◆ Exercise requirements
In the material below, find all lines with the string "smul" and copy them.
───── Recorded data ─────
(* Let $\Omega$ be a topological space and let $X$ be a locally convex topological vector space whose topology is given by a family $\mathfrak{A}$ of seminorms. Let $V \subset F(\Omega, \mathbb{R}_+)$, $A \subset C(\Omega, \mathbb{C})$, $W \subset F(\Omega, X)$ and $f \in F(\Omega, X)$. Assume $A$ is a multiplier of $W$ and that $f - g \in FV_{b}(\Omega, X)$ for every $g \in W$. Then for each $p \in \mathfrak{A}$ and $v \in V$ there is an $(A, v)$-antisymmetric $z$-filter $\mathcal{F}$ on $\Omega$ such that \[ \inf_{F \in \mathcal{F}} d_{v, p, F}(f, W) = d_{v, p, \Omega}(f, W). \] Moreover, $\mathcal{F}$ can be chosen maximal in the following sense: if $\mathcal{E}$ is a $z$-filter on $\Omega$ with $\mathcal{F} \subset \mathcal{E}$ and $\inf_{E \in \mathcal{E}} d_{v, p, E}(f, W) = d_{v, p, \Omega}(f, W)$, then $\mathcal{E} = \mathcal{F}$.
   Context: Topological spaces are not assumed Hausdorff. $F(\Omega,X)$ denotes all functions $\Omega\to X$, $\mathbb{R}_+=[0,\infty)$. For $p\in\mathfrak{A}$, $v\in F(\Omega,\mathbb{R}_+)$, $f\in F(\Omega,X)$, $F\subset\Omega$: $|f|_{v,p,F}=\sup\{v(x)p(f(x)):x\in F\}$, and for $W\subset F(\Omega,X)$, $d_{v,p,F}(f,W)=\inf\{|f-g|_{v,p,F}:g\in W\}$. $FV_b(\Omega,X)=\{f\in F(\Omega,X): \sup_{x\in\Omega}v(x)p(f(x))<\infty \text{ for all } v\in V,\ p\in\mathfrak{A}\}$. A zero-set of $\Omega$ is a set $h^{-1}(0)$ with $h\in C(\Omega,\mathbb{R})$; $Z(\Omega)$ is the set of zero-sets. A $z$-filter on $\Omega$ is a nonempty $\mathcal{F}\subset Z(\Omega)$ with $\emptyset\notin\mathcal{F}$, closed under finite intersections, and such that $Z\in\mathcal{F}$, $Z'\in Z(\Omega)$, $Z\subset Z'$ imply $Z'\in\mathcal{F}$. For $v\in F(\Omega,\mathbb{R}_+)$, $\mathrm{supp}\, v$ is the closure of $\{x:v(x)\neq 0\}$. A $z$-filter $\mathcal{F}$ is $(A,v)$-antisymmetric if every $F\in\mathcal{F}$ meets $\mathrm{supp}\,v$ and, for each $\phi\in A$ with $\bigcap_{F\in\mathcal{F}}\overline{\phi(F\cap\mathrm{supp}\,v)}\subset[0,1]$ (closures taken in the one-point compactification $\mathbb{C}\cup\{\infty\}$), this intersection is a single point. A function $\varphi\in F(\Omega,\mathbb{C})$ is a multiplier of $W$ if $\varphi f+(1-\varphi)g\in W$ for all $f,g\in W$; $A$ is a multiplier of $W$ if each $\varphi\in A$ is. *)

theory Defs
  imports "HOL-Analysis.Analysis"
begin

definition seminorm :: "(complex \<Rightarrow> 'b::ab_group_add \<Rightarrow> 'b) \<Rightarrow> ('b \<Rightarrow> real) \<Rightarrow> bool" where
  "seminorm smul p \<longleftrightarrow> (\<forall>x. 0 \<le> p x) \<and> (\<forall>x y. p (x + y) \<le> p x + p y)
     \<and> (\<forall>c x. p (smul c x) = cmod c * p x)"

text \<open>The one-point compactification of the complex plane, with None as the point at infinity.\<close>
definition ext_plane :: "complex option topology" where
  "ext_plane = topology (\<lambda>U. open (Some -` U) \<and> (None \<in> U \<longrightarrow> compact (- (Some -` U))))"

lemma istopology_ext_plane:
  "istopology (\<lambda>U::complex option set. open (Some -` U) \<and> (None \<in> U \<longrightarrow> compact (- (Some -` U))))"
  unfolding istopology_def
proof (rule conjI; intro allI impI)
  fix S T :: "complex option set"
  assume S: "open (Some -` S) \<and> (None \<in> S \<longrightarrow> compact (- (Some -` S)))"
     and T: "open (Some -` T) \<and> (None \<in> T \<longrightarrow> compact (- (Some -` T)))"
  show "open (Some -` (S \<inter> T)) \<and> (None \<in> S \<inter> T \<longrightarrow> compact (- (Some -` (S \<inter> T))))"
  proof
    show "open (Some -` (S \<inter> T))" using S T by (simp add: vimage_Int open_Int)
    show "None \<in> S \<inter> T \<longrightarrow> compact (- (Some -` (S \<inter> T)))"
    proof
      assume "None \<in> S \<inter> T"
      then have "compact (- (Some -` S))" "compact (- (Some -` T))" using S T by auto
      then have "compact (- (Some -` S) \<union> - (Some -` T))" by (rule compact_Un)
      then show "compact (- (Some -` (S \<inter> T)))" by (simp add: vimage_Int)
    qed
  qed
next
  fix K :: "complex option set set"
  assume K: "\<forall>U\<in>K. open (Some -` U) \<and> (None \<in> U \<longrightarrow> compact (- (Some -` U)))"
  have o: "open (Some -` \<Union>K)" using K by (auto simp: vimage_Union)
  moreover have "None \<in> \<Union>K \<longrightarrow> compact (- (Some -` \<Union>K))"
  proof
    assume "None \<in> \<Union>K"
    then obtain U where U: "U \<in> K" "None \<in> U" by blast
    then have c: "compact (- (Some -` U))" using K by blast
    have "- (Some -` \<Union>K) \<subseteq> - (Some -` U)" using U by auto
    moreover have "closed (- (Some -` \<Union>K))" using o by (simp add: closed_def)
    ultimately show "compact (- (Some -` \<Union>K))" using c compact_Int_closed
      by (metis inf.absorb_iff2)
  qed
  ultimately show "open (Some -` \<Union>K) \<and> (None \<in> \<Union>K \<longrightarrow> compact (- (Some -` \<Union>K)))" by blast
qed

definition wsup :: "('a \<Rightarrow> real) \<Rightarrow> ('b \<Rightarrow> real) \<Rightarrow> 'a set \<Rightarrow> ('a \<Rightarrow> 'b) \<Rightarrow> ennreal" where
  "wsup v p F f = (SUP x\<in>F. ennreal (v x * p (f x)))"

definition wdist :: "('a \<Rightarrow> real) \<Rightarrow> ('b::ab_group_add \<Rightarrow> real) \<Rightarrow> 'a set \<Rightarrow> ('a \<Rightarrow> 'b) \<Rightarrow> ('a \<Rightarrow> 'b) set \<Rightarrow> ennreal" where
  "wdist v p F f W = (INF g\<in>W. wsup v p F (\<lambda>x. f x - g x))"

definition FVb :: "('a \<Rightarrow> real) set \<Rightarrow> ('b \<Rightarrow> real) set \<Rightarrow> ('a \<Rightarrow> 'b) set" where
  "FVb V \<A> = {f. \<forall>v\<in>V. \<forall>p\<in>\<A>. bdd_above ((\<lambda>x. v x * p (f x)) ` UNIV)}"

definition zero_sets :: "'a::topological_space set set" where
  "zero_sets = {h -` {0} | h :: 'a \<Rightarrow> real. continuous_on UNIV h}"
(* Let $\omega\in\mathbb{F}_8$ be a root of $y^3+y+1$, let $m\in\mathbb{N}$, let $\emptyset\neq L\subsetneq[m]$, and let $D=\Delta_L+\omega\Delta_L+\omega^2\Delta_L\subseteq\mathbb{F}_8^m$ and $D^*=D\setminus\{0\}$. Then $C_{D^*}$ is a $1$-weight linear code over $\mathbb{F}_8$ of length $2^{3|L|}-1$, dimension $|L|$ and minimum distance $7\cdot2^{3(|L|-1)}$. In particular it is a minimal code. Moreover, $C_{D^*}$ is a Griesmer code and hence distance optimal. If $A_i$ denotes the number of codewords of weight $i$ and $Z_i=|\{v\in\mathbb{F}_8^m: wt(c_{D^*}(v))=i\}|$ for $0\le i\le|D^*|$, then $Z_0=2^{3(m-|L|)}$ and $Z_i=Z_0A_i$.
   Context: $[m]=\{1,\dots,m\}$; $\Delta_L=\{w\in\mathbb{F}_2^m:\{i:w_i\ne0\}\subseteq L\}$. $A+\omega B+\omega^2C=\{a+\omega b+\omega^2 c: a\in A,b\in B,c\in C\}$. For an ordered finite set $P\subseteq\mathbb{F}_8^m$, $c_P(v)=(v\cdot d)_{d\in P}$ and $C_P=\{c_P(v):v\in\mathbb{F}_8^m\}$. A code is $1$-weight if all nonzero codewords have the same Hamming weight. A nonzero codeword $c$ is minimal if every nonzero codeword $c'$ with $\mathrm{Supp}(c')\subseteq\mathrm{Supp}(c)$ is a scalar multiple of $c$; a minimal code is one all of whose nonzero codewords are minimal. An $[n,k,d]$ code over $\mathbb{F}_q$ is Griesmer if $\sum_{i=0}^{k-1}\lceil d/q^i\rceil=n$; it is distance optimal if no $[n,k,d+1]$ linear code over $\mathbb{F}_q$ exists. *)

theory Defs
  imports "HOL-Analysis.Analysis" "HOL-Library.Function_Algebras"
begin

text \<open>Vectors of F^m are elements of 'a ^ 'n, where the finite index type 'n plays the
  role of [m] (so m = CARD('n)). The binary field F_2 is the prime subfield {0,1}.\<close>

definition dotp :: "'a::comm_ring_1 ^ 'n \<Rightarrow> 'a ^ 'n \<Rightarrow> 'a" where
  "dotp v d = (\<Sum>i\<in>UNIV. v $ i * d $ i)"

definition Delta :: "'n set \<Rightarrow> ('a::comm_ring_1 ^ 'n) set" where
  "Delta L = {w. (\<forall>i. w $ i \<in> {0, 1}) \<and> {i. w $ i \<noteq> 0} \<subseteq> L}"

definition sum3 :: "'a::comm_ring_1 \<Rightarrow> ('a ^ 'n) set \<Rightarrow> ('a ^ 'n) set \<Rightarrow> ('a ^ 'n) set \<Rightarrow> ('a ^ 'n) set" where
  "sum3 \<omega> A B C = {(\<chi> i. a $ i + \<omega> * b $ i + \<omega>^2 * c $ i) | a b c. a \<in> A \<and> b \<in> B \<and> c \<in> C}"

text \<open>Words of length n are functions nat => 'a vanishing from position n on.\<close>

definition word_scale :: "'a::field \<Rightarrow> (nat \<Rightarrow> 'a) \<Rightarrow> (nat \<Rightarrow> 'a)" where
  "word_scale c v = (\<lambda>i. c * v i)"

definition linear_code :: "nat \<Rightarrow> (nat \<Rightarrow> 'a::field) set \<Rightarrow> bool" where
  "linear_code n C \<longleftrightarrow> C \<subseteq> {c. \<forall>i\<ge>n. c i = 0} \<and> 0 \<in> C \<and>
     (\<forall>x\<in>C. \<forall>y\<in>C. x + y \<in> C) \<and> (\<forall>a. \<forall>x\<in>C. word_scale a x \<in> C)"

definition code_dim :: "(nat \<Rightarrow> 'a::field) set \<Rightarrow> nat" where
  "code_dim C = vector_space.dim word_scale C"

definition hamming_wt :: "(nat \<Rightarrow> 'a::zero) \<Rightarrow> nat" where
  "hamming_wt c = card {i. c i \<noteq> 0}"

definition hamming_dist :: "(nat \<Rightarrow> 'a) \<Rightarrow> (nat \<Rightarrow> 'a) \<Rightarrow> nat" where
  "hamming_dist c c' = card {i. c i \<noteq> c' i}"

definition min_dist :: "(nat \<Rightarrow> 'a) set \<Rightarrow> nat" where
  "min_dist C = Min {hamming_dist c c' | c c'. c \<in> C \<and> c' \<in> C \<and> c \<noteq> c'}"

definition code_supp :: "(nat \<Rightarrow> 'a::zero) \<Rightarrow> nat set" where
  "code_supp c = {i. c i \<noteq> 0}"

definition one_weight :: "(nat \<Rightarrow> 'a::zero) set \<Rightarrow> bool" where
  "one_weight C \<longleftrightarrow> (\<exists>w. \<forall>c\<in>C. c \<noteq> 0 \<longrightarrow> hamming_wt c = w)"

definition minimal_codeword :: "(nat \<Rightarrow> 'a::field) set \<Rightarrow> (nat \<Rightarrow> 'a) \<Rightarrow> bool" where
  "minimal_codeword C c \<longleftrightarrow> c \<in> C \<and> c \<noteq> 0 \<and>
     (\<forall>c'\<in>C. c' \<noteq> 0 \<and> code_supp c' \<subseteq> code_supp c \<longrightarrow> (\<exists>a. c' = word_scale a c))"

definition minimal_code :: "(nat \<Rightarrow> 'a::field) set \<Rightarrow> bool" where
  "minimal_code C \<longleftrightarrow> (\<forall>c\<in>C. c \<noteq> 0 \<longrightarrow> minimal_codeword C c)"

definition is_nkd_code :: "nat \<Rightarrow> nat \<Rightarrow> nat \<Rightarrow> (nat \<Rightarrow> 'a::field) set \<Rightarrow> bool" where
  "is_nkd_code n k d C \<longleftrightarrow> linear_code n C \<and> code_dim C = k \<and> min_dist C = d"

definition griesmer_code :: "nat \<Rightarrow> nat \<Rightarrow> nat \<Rightarrow> (nat \<Rightarrow> 'a::{field,finite}) set \<Rightarrow> bool" where
  "griesmer_code n k d C \<longleftrightarrow> is_nkd_code n k d C \<and>
     (\<Sum>i<k. \<lceil>real d / real (CARD('a)) ^ i\<rceil>) = int n"

definition distance_optimal :: "nat \<Rightarrow> nat \<Rightarrow> nat \<Rightarrow> (nat \<Rightarrow> 'a::field) set \<Rightarrow> bool" where
  "distance_optimal n k d C \<longleftrightarrow> is_nkd_code n k d C \<and>
     \<not> (\<exists>C' :: (nat \<Rightarrow> 'a) set. is_nkd_code n k (d + 1) C')"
─────
◆ Answer to this task
  "seminorm smul p \<longleftrightarrow> (\<forall>x. 0 \<le> p x) \<and> (\<forall>x y. p (x + y) \<le> p x + p y)
     \<and> (\<forall>c x. p (smul c x) = cmod c * p x)"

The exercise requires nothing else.